We received a few answers to our questions about the use of iPads and 1 to 1 technology in the classroom. From the 2012-2013 to last year the Kirkwood School District spent just under $2 million on the devices, cases and applications. We did not ask about maintenance costs but we can assume a 15% industry standard cost of maintenance. This would come to $2.5 million over the three academic years. The district, despite making this huge investment in computers, does not require teachers to use the equipment in lessons or track how often they do use the equipment. Therefore, the money spent is unaccounted for since the district is not determining the use or managing the immense financial investment. Tax Fairly is very supportive of 1 to 1 technology but there is no accountability for the money spent. Peter Drucker's dictum, "If you can't measure it, you can't improve it, " is important in this case.
The district cannot tell us, in any meaningful manner, how many lessons are taught using the equipment. They also won’t give us access to the systems that we could use to determine how many lessons are taught by each teacher. We have the educational software knowledge to determine this information if they would give us access. If you ever come across a Kirkwood School Board member, therefore, ask them these simple questions:
Do you know the percentage of lessons that are taught, per teacher, using the computers worth millions of dollars given to students by the district?
Why did the Board spend millions of dollars on computers for children, some as young as Kindergartners, without a way to determine if they are being used in instruction?

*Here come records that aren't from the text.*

(* Let $p$ be an odd Ramanujan prime. Write $p=p_n$ and let $q$ be the smallest prime greater than $p/2$. Then all integers $\frac{p+1}{2},\frac{p+3}{2},\dots,\frac{p_{n+1}-1}{2}$ are composite, and the open interval $(p,2q)$ contains a prime.
   Context: $p_k$ denotes the $k$-th prime and $\pi(x)$ the number of primes $\le x$. For $n\ge 1$, the $n$-th Ramanujan prime $R_n$ is the smallest positive integer such that $\pi(x)-\pi(x/2)\ge n$ for all real $x\ge R_n$. A Ramanujan prime is a number of the form $R_n$ (these are primes: $2,11,17,29,41,\dots$). *)

theory Defs
  imports "HOL-Computational_Algebra.Primes" Complex_Main
begin

definition prime_pi :: "real \<Rightarrow> nat" where
  "prime_pi x = card {p::nat. prime p \<and> real p \<le> x}"

definition ramanujan_prop :: "nat \<Rightarrow> nat \<Rightarrow> bool" where
  "ramanujan_prop n r \<longleftrightarrow> (\<forall>x::real. x \<ge> real r \<longrightarrow> prime_pi x - prime_pi (x / 2) \<ge> n)"

definition is_nth_ramanujan :: "nat \<Rightarrow> nat \<Rightarrow> bool" where
  "is_nth_ramanujan n r \<longleftrightarrow> r > 0 \<and> ramanujan_prop n r \<and> (\<forall>s. 0 < s \<and> s < r \<longrightarrow> \<not> ramanujan_prop n s)"

definition ramanujan_prime :: "nat \<Rightarrow> bool" where
  "ramanujan_prime r \<longleftrightarrow> (\<exists>n\<ge>1. is_nth_ramanujan n r)"

end

theory Submission
  imports Defs
begin

text \<open>Minimality of \<open>R\<^sub>n = p\<close> gives some \<open>x \<in> [p - 1, p)\<close> with \<open>\<pi>(x) - \<pi>(x/2) < n\<close>. If \<open>k\<close> is a
  prime with \<open>p \<le> 2k\<close> and no prime lies in \<open>(p, 2k]\<close>, then passing from \<open>x\<close> to \<open>2k\<close> adds at most
  the prime \<open>p\<close> to \<open>\<pi>\<close>, while passing from \<open>x/2\<close> to \<open>k\<close> adds at least the prime \<open>k\<close>; hence
  \<open>\<pi>(2k) - \<pi>(k) < n\<close>, contradicting \<open>2k \<ge> R\<^sub>n\<close>. Both claims are instances: for \<open>k\<close> a prime in
  \<open>[(p+1)/2, (p\<^sub>n\<^sub>+\<^sub>1-1)/2]\<close>, and for \<open>k = q\<close>, where \<open>2q\<close> itself is not prime.\<close>

lemma finite_primes_le: "finite {p::nat. prime p \<and> real p \<le> x}"
proof (rule finite_subset)
  show "{p::nat. prime p \<and> real p \<le> x} \<subseteq> {..nat \<lceil>x\<rceil>}"
  proof
    fix p assume "p \<in> {p::nat. prime p \<and> real p \<le> x}"
    then have "real p \<le> x" by simp
    then have "int p \<le> \<lceil>x\<rceil>" by (metis ceiling_mono ceiling_of_nat)
    then show "p \<in> {..nat \<lceil>x\<rceil>}" by simp
  qed
qed simp

lemma prime_pi_eq_0:
  assumes "x < 2" shows "prime_pi x = 0"
proof -
  have "{p::nat. prime p \<and> real p \<le> x} = {}"
    using assms by (auto dest: prime_ge_2_nat)
  then show ?thesis unfolding prime_pi_def by (metis card.empty)
qed

lemma prime_pi_le_Suc:
  assumes "\<forall>r. prime r \<and> x < real r \<and> real r \<le> y \<longrightarrow> r = a"
  shows "prime_pi y \<le> prime_pi x + 1"
proof -
  have "prime_pi y \<le> card (insert a {r::nat. prime r \<and> real r \<le> x})"
    unfolding prime_pi_def
    by (rule card_mono) (use assms finite_primes_le in \<open>auto simp: not_le\<close>)
  also have "\<dots> \<le> prime_pi x + 1"
    by (simp add: prime_pi_def card_insert_if finite_primes_le)
  finally show ?thesis .
qed

lemma prime_pi_less:
  assumes "prime k" "x < real k" "real k \<le> y"
  shows "prime_pi x < prime_pi y"
proof -
  have "prime_pi x < card (insert k {r::nat. prime r \<and> real r \<le> x})"
    using assms(2) by (simp add: prime_pi_def finite_primes_le)
  also have "\<dots> \<le> prime_pi y"
    unfolding prime_pi_def
    by (rule card_mono) (use assms finite_primes_le in auto)
  finally show ?thesis .
qed

lemma nth_ramanujan_ge_2:
  assumes "is_nth_ramanujan n p" "n \<ge> 1"
  shows "p \<ge> 2"
proof (rule ccontr)
  assume "\<not> p \<ge> 2"
  then have "real p < 2" by simp
  with assms(1) have "n \<le> prime_pi (real p) - prime_pi (real p / 2)"
    unfolding is_nth_ramanujan_def ramanujan_prop_def by blast
  with \<open>real p < 2\<close> assms(2) show False by (simp add: prime_pi_eq_0)
qed

lemma nth_ramanujan_deficit_below:
  assumes "is_nth_ramanujan n p" "p \<ge> 2"
  obtains x where "real p - 1 \<le> x" "x < real p" "prime_pi x - prime_pi (x / 2) < n"
proof -
  have "\<not> ramanujan_prop n (p - 1)"
    using assms unfolding is_nth_ramanujan_def by simp
  then obtain x where x: "real (p - 1) \<le> x" "prime_pi x - prime_pi (x / 2) < n"
    unfolding ramanujan_prop_def by (auto simp: not_le)
  have "x < real p"
    using assms(1) x(2) unfolding is_nth_ramanujan_def ramanujan_prop_def
    by (meson not_le not_less)
  with x assms(2) show thesis by (intro that) (simp_all add: of_nat_diff)
qed

lemma nth_ramanujan_prime_between:
  assumes "is_nth_ramanujan n p" "n \<ge> 1" "prime k" "p \<le> 2 * k"
  shows "\<exists>r. prime r \<and> p < r \<and> r \<le> 2 * k"
proof (rule ccontr)
  assume no_prime: "\<not> (\<exists>r. prime r \<and> p < r \<and> r \<le> 2 * k)"
  have "p \<ge> 2" using assms(1,2) by (rule nth_ramanujan_ge_2)
  with assms(1) obtain x where x: "real p - 1 \<le> x" "x < real p"
    and deficit: "prime_pi x - prime_pi (x / 2) < n"
    by (rule nth_ramanujan_deficit_below)
  have "prime_pi (real (2 * k)) \<le> prime_pi x + 1"
  proof (rule prime_pi_le_Suc[where a = p], intro allI impI)
    fix r assume r: "prime r \<and> x < real r \<and> real r \<le> real (2 * k)"
    with no_prime have "r \<le> p" by (meson not_le of_nat_le_iff)
    with r x show "r = p" by linarith
  qed
  moreover have "prime_pi (x / 2) < prime_pi (real (2 * k) / 2)"
    using assms(3,4) x(2) by (intro prime_pi_less[of k]) auto
  moreover have "real p \<le> real (2 * k)" using assms(4) by linarith
  with assms(1) have "n \<le> prime_pi (real (2 * k)) - prime_pi (real (2 * k) / 2)"
    unfolding is_nth_ramanujan_def ramanujan_prop_def by blast
  ultimately show False using deficit by linarith
qed

theorem lemma2:
  fixes p p' q :: nat
  assumes "ramanujan_prime p" and "odd p"
    and "prime p'" and "p < p'" and "\<forall>r. p < r \<and> r < p' \<longrightarrow> \<not> prime r"
    and "prime q" and "real q > real p / 2"
    and "\<forall>r. prime r \<and> real r > real p / 2 \<longrightarrow> q \<le> r"
  shows "(\<forall>k. (p + 1) div 2 \<le> k \<and> k \<le> (p' - 1) div 2 \<longrightarrow> k > 1 \<and> \<not> prime k)
         \<and> (\<exists>r. prime r \<and> p < r \<and> r < 2 * q)"
proof -
  obtain n where n: "is_nth_ramanujan n p" "n \<ge> 1"
    using assms(1) unfolding ramanujan_prime_def by blast
  have "p \<ge> 3" using nth_ramanujan_ge_2[OF n] assms(2) by presburger
  have composite: "k > 1 \<and> \<not> prime k" if k: "(p + 1) div 2 \<le> k" "k \<le> (p' - 1) div 2" for k
  proof
    show "k > 1" using k \<open>p \<ge> 3\<close> by linarith
    show "\<not> prime k"
    proof
      assume "prime k"
      moreover have "p \<le> 2 * k" using k(1) by linarith
      ultimately obtain r where "prime r" "p < r" "r \<le> 2 * k"
        using nth_ramanujan_prime_between[OF n] by blast
      moreover have "r < p'" using \<open>r \<le> 2 * k\<close> k(2) assms(4) by linarith
      ultimately show False using assms(5) by blast
    qed
  qed
  have "p \<le> 2 * q" using assms(7) by linarith
  with nth_ramanujan_prime_between[OF n assms(6)]
  obtain r where r: "prime r" "p < r" "r \<le> 2 * q" by blast
  have "r \<noteq> 2 * q"
    using r(1) prime_gt_1_nat[OF assms(6)] prime_product[of 2 q] by auto
  with r composite show ?thesis by auto
qed

end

We also have not received any word on whether or not they would consider combining the Technology, Maintenance and General funds. This is important to taxpayers since combined funds would eliminate wasteful spending on 1 to 1 technology that is apparently not effectively being managed. We hope to pursue this issue after the rate hearing.
This post is to update you on what has happened since the budget meeting, KSD’s responses to date, and to what we hope to find out in the future. The District responded to our questions in a timely and professional manner for most of the items and asked to meet with Martin Bennet. They responded to our first set of questions but this spawned other questions. We we now seek access to online systems to get the answers we seek about the 1 to 1 learning (free iPad) program. We are also engaging the Interim Superintendent about our proposal of collapsing the Technology and Maintenance Funds into the General Fund.

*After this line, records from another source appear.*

(* Let $m\equiv n\equiv 0\pmod 3$, $u\equiv 2,4\pmod 6$, $v=2m+2n+u$, $c<\binom u3$, and let $(u,c)$ satisfy (C2) with associated pair $(\lambda,\delta)$. Suppose (i) $(V,\mathcal A)$ is a simple NGDD$(2,3,v)$ of type $2^{(m,n)}u^1$ with size-2 groups $G_1,\dots,G_{m+n}$ and group $U$ of size $u$; (ii) $(V,\mathcal B)$ is a simple GDD$_{\lambda-1}(2,3,v)$ of type $1^{2m+2n}u^1$ with long group $U$; and (iii) $(U,\mathcal C)$ is an NWBTS$(u;c)$. If $\mathcal A,\mathcal B,\mathcal C$ are pairwise disjoint, then $\mathcal F=\mathcal A\cup\mathcal B\cup\mathcal C$ is the block set of an NWBTS$(v;|\mathcal F|)$, where $3|\mathcal F|=\lambda\binom v2+m-n+\delta$.
   Context: NGDD$(2,3,v)$ of type $2^{(m,n)}u^1$: $V$ is a set of $v=2(m+n)+u$ points partitioned into groups $G_1,\dots,G_{m+n}$ of size 2 and $U$ of size $u$; a set of triples on $V$ such that each pair $G_i$ with $1\le i\le m$ lies in exactly two blocks, each pair in $\binom U2\cup\{G_i:m<i\le m+n\}$ lies in no block, and every other pair of $V$ lies in exactly one block. A GDD$_\mu(2,3,v)$ of type $1^{v-u}u^1$ with long group $U$: triples on $V$, none containing two points of $U$, every pair not inside $U$ in exactly $\mu$ blocks. Simple: no repeated blocks. A triple system TS$(v;b)$ is a pair $(V,\mathcal F)$, $V$ a set of $v\ge3$ points, $\mathcal F$ a multiset of $b$ 3-subsets (blocks). $\lambda_{x_1,\dots,x_j}$ is the number of blocks containing $\{x_1,\dots,x_j\}$; $j$-balanced means $|\lambda_{x_1,\dots,x_j}-\lambda_{y_1,\dots,y_j}|\le1$ for all $j$-subsets. Associated pair $(\lambda,\varepsilon)$ of $(v,b)$: $3b=\lambda\binom v2+\varepsilon$, $-v/2<\varepsilon<v/2$. (C2): $v$ even and $\lambda v(v-1)/6-v/6<b<\lambda v(v-1)/6+v/6$ for odd $\lambda$ (the $\lambda$ of the associated pair). Defect graph (when all $\lambda_{x,y}\in\{\lambda-1,\lambda,\lambda+1\}$): graph on $V$ with edges of pairs with $\lambda_{x,y}=\lambda+1$ (label $+1$) or $\lambda-1$ (label $-1$); isomorphisms preserve labels. $H^0_{v,\varepsilon}$: perfect matching with $(v+2\varepsilon)/4$ edges $+1$, $(v-2\varepsilon)/4$ edges $-1$; $H^1_{v,\varepsilon}$: disjoint union of a $K_{1,3}$ with two $+1$ and one $-1$ edge and a matching of the other $v-4$ vertices with $(v-6+2\varepsilon)/4$ edges $+1$, $(v-2-2\varepsilon)/4$ edges $-1$; $H^2_{v,\varepsilon}$: disjoint union of a $K_{1,3}$ with one $+1$ and two $-1$ edges and a matching of the other $v-4$ vertices with $(v-2+2\varepsilon)/4$ edges $+1$, $(v-6-2\varepsilon)/4$ edges $-1$. Under (C2) a TS is nearly 2-balanced if all $\lambda_{x,y}\in\{\lambda-1,\lambda,\lambda+1\}$ and its defect graph is $\cong H^0_{v,\varepsilon}$ when $\varepsilon\equiv v/2\pmod 2$, and $\cong H^1_{v,\varepsilon}$ or $H^2_{v,\varepsilon}$ otherwise. An NWBTS is a nearly 2-balanced, 3-balanced TS. *)

theory Defs
  imports Main "HOL-Library.Multiset"
begin

definition lam :: "'a set multiset \<Rightarrow> 'a set \<Rightarrow> nat" where
  "lam F S = size (filter_mset (\<lambda>B. S \<subseteq> B) F)"

definition TS :: "'a set \<Rightarrow> 'a set multiset \<Rightarrow> bool" where
  "TS V F \<longleftrightarrow> finite V \<and> card V \<ge> 3 \<and> (\<forall>B\<in>#F. B \<subseteq> V \<and> card B = 3)"

definition assoc_pair :: "nat \<Rightarrow> nat \<Rightarrow> int \<Rightarrow> int \<Rightarrow> bool" where
  "assoc_pair v b l e \<longleftrightarrow> 3 * int b = l * int (v choose 2) + e \<and> - int v < 2 * e \<and> 2 * e < int v"

(* condition (C2) for (v,b), l being the lambda of the associated pair *)
definition C2 :: "nat \<Rightarrow> nat \<Rightarrow> int \<Rightarrow> bool" where
  "C2 v b l \<longleftrightarrow> even v \<and> odd l \<and>
     l * int v * (int v - 1) - int v < 6 * int b \<and> 6 * int b < l * int v * (int v - 1) + int v"

(* Model labelled graphs H^0, H^1, H^2 on the vertex set {0..<v}; value 0 = no edge. *)
definition H0 :: "nat \<Rightarrow> int \<Rightarrow> nat \<Rightarrow> nat \<Rightarrow> int" where
  "H0 v e x y = (if x < v \<and> y < v \<and> x \<noteq> y \<and> x div 2 = y div 2
                  then (if int (x div 2) < (int v + 2 * e) div 4 then 1 else -1) else 0)"

(* H^0 exists with the prescribed numbers of +1 / -1 edges *)
definition H0_ok :: "nat \<Rightarrow> int \<Rightarrow> bool" where
  "H0_ok v e \<longleftrightarrow> even v \<and> (int v + 2 * e) mod 4 = 0 \<and> 0 \<le> (int v + 2 * e) div 4
     \<and> 0 \<le> (int v - 2 * e) div 4 \<and> (int v - 2 * e) mod 4 = 0"

definition Hstar :: "int \<Rightarrow> int \<Rightarrow> int \<Rightarrow> int \<Rightarrow> nat \<Rightarrow> nat \<Rightarrow> nat \<Rightarrow> int" where
  "Hstar s1 s2 s3 q v x y =
     (if x < v \<and> y < v \<and> x \<noteq> y then
        (if {x, y} = {0, 1} then s1
         else if {x, y} = {0, 2} then s2
         else if {x, y} = {0, 3} then s3
         else if 4 \<le> x \<and> 4 \<le> y \<and> (x - 4) div 2 = (y - 4) div 2
           then (if int ((x - 4) div 2) < q then 1 else -1)
         else 0)
      else 0)"

definition H1 :: "nat \<Rightarrow> int \<Rightarrow> nat \<Rightarrow> nat \<Rightarrow> int" where
  "H1 v e = Hstar 1 1 (-1) ((int v - 6 + 2 * e) div 4) v"

definition H1_ok :: "nat \<Rightarrow> int \<Rightarrow> bool" where
  "H1_ok v e \<longleftrightarrow> even v \<and> v \<ge> 4 \<and> (int v - 6 + 2 * e) mod 4 = 0 \<and> 0 \<le> (int v - 6 + 2 * e) div 4
     \<and> (int v - 2 - 2 * e) mod 4 = 0 \<and> 0 \<le> (int v - 2 - 2 * e) div 4"

definition H2 :: "nat \<Rightarrow> int \<Rightarrow> nat \<Rightarrow> nat \<Rightarrow> int" where
  "H2 v e = Hstar 1 (-1) (-1) ((int v - 2 + 2 * e) div 4) v"

definition H2_ok :: "nat \<Rightarrow> int \<Rightarrow> bool" where
  "H2_ok v e \<longleftrightarrow> even v \<and> v \<ge> 4 \<and> (int v - 2 + 2 * e) mod 4 = 0 \<and> 0 \<le> (int v - 2 + 2 * e) div 4
     \<and> (int v - 6 - 2 * e) mod 4 = 0 \<and> 0 \<le> (int v - 6 - 2 * e) div 4"

definition defect_iso :: "'a set \<Rightarrow> 'a set multiset \<Rightarrow> int \<Rightarrow> (nat \<Rightarrow> nat \<Rightarrow> int) \<Rightarrow> bool" where
  "defect_iso V F l H \<longleftrightarrow> (\<exists>f. bij_betw f V {0..<card V} \<and>
      (\<forall>x\<in>V. \<forall>y\<in>V. x \<noteq> y \<longrightarrow> int (lam F {x, y}) - l = H (f x) (f y)))"

definition nearly_2_balanced :: "'a set \<Rightarrow> 'a set multiset \<Rightarrow> bool" where
  "nearly_2_balanced V F \<longleftrightarrow> (\<exists>l e. assoc_pair (card V) (size F) l e \<and> C2 (card V) (size F) l \<and>
     (\<forall>x\<in>V. \<forall>y\<in>V. x \<noteq> y \<longrightarrow> int (lam F {x, y}) \<in> {l - 1, l, l + 1}) \<and>
     (if e mod 2 = int (card V div 2) mod 2
      then H0_ok (card V) e \<and> defect_iso V F l (H0 (card V) e)
      else (H1_ok (card V) e \<and> defect_iso V F l (H1 (card V) e)) \<or>
           (H2_ok (card V) e \<and> defect_iso V F l (H2 (card V) e))))"

definition three_balanced :: "'a set \<Rightarrow> 'a set multiset \<Rightarrow> bool" where
  "three_balanced V F \<longleftrightarrow> (\<forall>S\<subseteq>V. \<forall>T\<subseteq>V. card S = 3 \<longrightarrow> card T = 3 \<longrightarrow>
      \<bar>int (lam F S) - int (lam F T)\<bar> \<le> 1)"

definition NWBTS :: "'a set \<Rightarrow> 'a set multiset \<Rightarrow> bool" where
  "NWBTS V F \<longleftrightarrow> TS V F \<and> nearly_2_balanced V F \<and> three_balanced V F"

definition pcount :: "'a set set \<Rightarrow> 'a set \<Rightarrow> nat" where
  "pcount A P = card {B\<in>A. P \<subseteq> B}"

definition NGDD :: "'a set \<Rightarrow> (nat \<Rightarrow> 'a set) \<Rightarrow> 'a set \<Rightarrow> nat \<Rightarrow> nat \<Rightarrow> nat \<Rightarrow> 'a set set \<Rightarrow> bool" where
  "NGDD V G U m n u A \<longleftrightarrow> finite V \<and>
     V = U \<union> (\<Union>i\<in>{1..m+n}. G i) \<and> card U = u \<and>
     (\<forall>i\<in>{1..m+n}. G i \<subseteq> V \<and> card (G i) = 2 \<and> G i \<inter> U = {}) \<and>
     (\<forall>i\<in>{1..m+n}. \<forall>j\<in>{1..m+n}. i \<noteq> j \<longrightarrow> G i \<inter> G j = {}) \<and>
     (\<forall>B\<in>A. B \<subseteq> V \<and> card B = 3) \<and>
     (\<forall>P. P \<subseteq> V \<longrightarrow> card P = 2 \<longrightarrow>
        pcount A P = (if \<exists>i\<in>{1..m}. P = G i then 2
                      else if P \<subseteq> U \<or> (\<exists>i\<in>{m+1..m+n}. P = G i) then 0
                      else 1))"

definition GDD :: "'a set \<Rightarrow> 'a set \<Rightarrow> int \<Rightarrow> 'a set set \<Rightarrow> bool" where
  "GDD V U mu B \<longleftrightarrow> finite V \<and> U \<subseteq> V \<and>
     (\<forall>T\<in>B. T \<subseteq> V \<and> card T = 3 \<and> card (T \<inter> U) \<le> 1) \<and>
     (\<forall>P. P \<subseteq> V \<longrightarrow> card P = 2 \<longrightarrow> \<not> P \<subseteq> U \<longrightarrow> int (pcount B P) = mu)"

end

theory Submission
  imports Defs
begin

text \<open>A pair inside U is covered by C only. A pair meeting \<open>V - U\<close> is covered \<open>l - 1\<close> times by B
  and once by A, except for the groups \<open>G\<^sub>i\<close>: twice for \<open>i \<le> m\<close>, never for \<open>i > m\<close>. So the
  defect graph of \<open>A \<union> B \<union> C\<close> is the one of C plus m disjoint \<open>+1\<close> edges and n disjoint
  \<open>-1\<close> edges, which turns \<open>H\<^sup>j\<close> for \<open>(u, \<delta>)\<close> into \<open>H\<^sup>j\<close> for \<open>(v, \<delta> + m - n)\<close>; counting
  pairs gives the number of blocks. No triple is covered twice: since \<open>c < (u choose 3)\<close> some
  triple of U is missed by C, so 3-balance forces C to be simple, and a triple meeting \<open>V - U\<close>
  lies in at most one of the disjoint simple families A and B.\<close>

text \<open>Labelled graph on \<open>{0..<w}\<close>: S on the core \<open>{0..<s}\<close>, and the vertices \<open>s + 2i, s + 2i + 1\<close>
  joined by an edge labelled \<open>+1\<close> for \<open>i < q\<close> and \<open>-1\<close> otherwise. \<open>H\<^sup>0\<close> is the case \<open>s = 0\<close>, and
  \<open>H\<^sup>1\<close>, \<open>H\<^sup>2\<close> have \<open>s = 4\<close> with the star as core.\<close>

definition core_matching :: "nat \<Rightarrow> (nat \<Rightarrow> nat \<Rightarrow> int) \<Rightarrow> nat \<Rightarrow> nat \<Rightarrow> nat \<Rightarrow> nat \<Rightarrow> int" where
  "core_matching s S q w x y = (if x < w \<and> y < w \<and> x \<noteq> y then
      (if x < s \<and> y < s then S x y
       else if s \<le> x \<and> s \<le> y \<and> (x - s) div 2 = (y - s) div 2
         then (if (x - s) div 2 < q then 1 else -1) else 0) else 0)"

definition star_labels :: "int \<Rightarrow> int \<Rightarrow> int \<Rightarrow> nat \<Rightarrow> nat \<Rightarrow> int" where
  "star_labels s1 s2 s3 x y = (if {x, y} = {0, 1} then s1
         else if {x, y} = {0, 2} then s2
         else if {x, y} = {0, 3} then s3 else 0)"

They will continue to provide free health, dental and vision insurance to individual employees working over 30 hours a week. This covers the individual employee but not his or her family members. Employees can purchase coverage for family members. We estimate that he cost of all these benefits for the 660 employees is roughly $1 million a year. This benefit is not typically enjoyed by private sector taxpayers.

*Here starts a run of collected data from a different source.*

(* If $n\ge4$ and $h$ is odd with $h\ge\frac{3(n-1)}{n-3}$, then there exists $p\in\mathcal P$ such that $D_{\mu(p)}(p)=D_{\mu(p^r)}(p^r)=\{n\}$.
   Context: Let $n,h\ge2$ be integers, $N=\{1,\dots,n\}$, $H=\{1,\dots,h\}$. $\mathcal P$ is the set of $h$-tuples $p=(p_1,\dots,p_h)$ of linear orders on $N$; $p^r$ is obtained by reversing each $p_i$; $x>_{p_i}y$ means $x\ne y$ and $p_i$ ranks $x$ above $y$. For an integer $\mu$ with $h/2<\mu\le h$, $D_\mu(p)=\{x\in N: \forall y\in N,\ |\{i: y>_{p_i}x\}|<\mu\}$, and $\mu(p)=\min\{\mu\in\mathbb N\cap(h/2,h]: D_\mu(p)\neq\varnothing\}$. *)

theory Defs
  imports Complex_Main
begin

text \<open>A linear order on N = {1..n} is a relation r with linear_order_on {1..n} r,
  where (a,b) in r means a is ranked at or below b. A profile is a function
  p :: nat => (nat*nat) set, only its values on H = {1..h} matter.\<close>

definition profiles :: "nat \<Rightarrow> nat \<Rightarrow> (nat \<Rightarrow> (nat \<times> nat) set) set" where
  "profiles n h = {p. \<forall>i\<in>{1..h}. linear_order_on {1..n} (p i)}"

definition rev_profile :: "(nat \<Rightarrow> (nat \<times> nat) set) \<Rightarrow> nat \<Rightarrow> (nat \<times> nat) set" where
  "rev_profile p = (\<lambda>i. converse (p i))"

definition ranked_above :: "(nat \<times> nat) set \<Rightarrow> nat \<Rightarrow> nat \<Rightarrow> bool" where
  "ranked_above r x y \<longleftrightarrow> x \<noteq> y \<and> (y, x) \<in> r"

definition D :: "nat \<Rightarrow> nat \<Rightarrow> nat \<Rightarrow> (nat \<Rightarrow> (nat \<times> nat) set) \<Rightarrow> nat set" where
  "D n h \<mu> p = {x\<in>{1..n}. \<forall>y\<in>{1..n}. card {i\<in>{1..h}. ranked_above (p i) y x} < \<mu>}"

The District is not only offering free tuition for children of non-resident employees but now also the children of Special School District employees who work on assignment in Kirkwood Schools. Several of these workers are just part-time. This increases the number of free-tuition students to 152. Assuming a cost of $12,000 per student per year, the cost to taxpayers is $1,824,000 a year. To those of you who pay or have paid private school tuition, let that sink in.
The district has no stated plans to open up a costly and unnecessary free taxpayer-supported pre-kindergarten. This is a great relief. This is something most all KSD parents currently pay for on their own. Taxpayer funded pre-school is a constant threat to taxpayers and fiscal responsibility from teachers unions and bureaucrats who want to expand government by giving free child-care through public schools. While there is evidence that this would benefit underprivileged children, the educational benefits of children attending pre-kindgergarten dissipate by the third grade for other children.
The District has no plans to build any buildings as of June 2017.
The district has changed the 1 to 1 Technology (free iPads for all students) survey to determine the actual number of lessons that the devices are used for lessons. They have removed the ability to realistically determine how often and in how many lessons the devices are actually used. We have asked them to provide access to the District's computerized lesson creation and storage software to determine this information. We are also asking them to separate out the costs of the 1 to 1 technology that is used in instruction from the IT infrastructure that cannot be cut or lowered. That was a new request. Our perspective is that if the spending does not support lessons then the technology is of little educational value and the money should not be spent.
We have a meeting with the Interim Superintendent at which we will hopefully receive answers to the new set of questions and discuss combining the Technology and Maintenance funds into the General Fund. This, we believe, will eliminate the wasteful spending in the 1 to 1 technology program and potentially avoid future tax increases. Since the Maintenance and Technology Funds are locked up for specific uses the board cannot relieve budgetary pressures in other areas. The Funds, furthermore, exacerbate waste since they waste the money on such things as giving iPads to Kindergartners. They either spend it or it just sits in an account not being able to be more wisely spent elsewhere.
To do this means that the District would have to get a Board approval. They could then get a legal waiver from the State of Missouri or be forced to put the issue on a ballot. Tax Fairly would obviously support this Ballot Initiative.
Tax Fairly, despite the passage of Proposition K, still hopes that the Kirkwood School District will lower unnecessary spending. It has posed the following questions to the Kirkwood School Board on June 6, 2017 since the Board did not take questions during its Budget Hearing help on June 5, 2017. The questions are listed below. We are hoping for a response within the next few weeks. We will pass it on once we receive the responses.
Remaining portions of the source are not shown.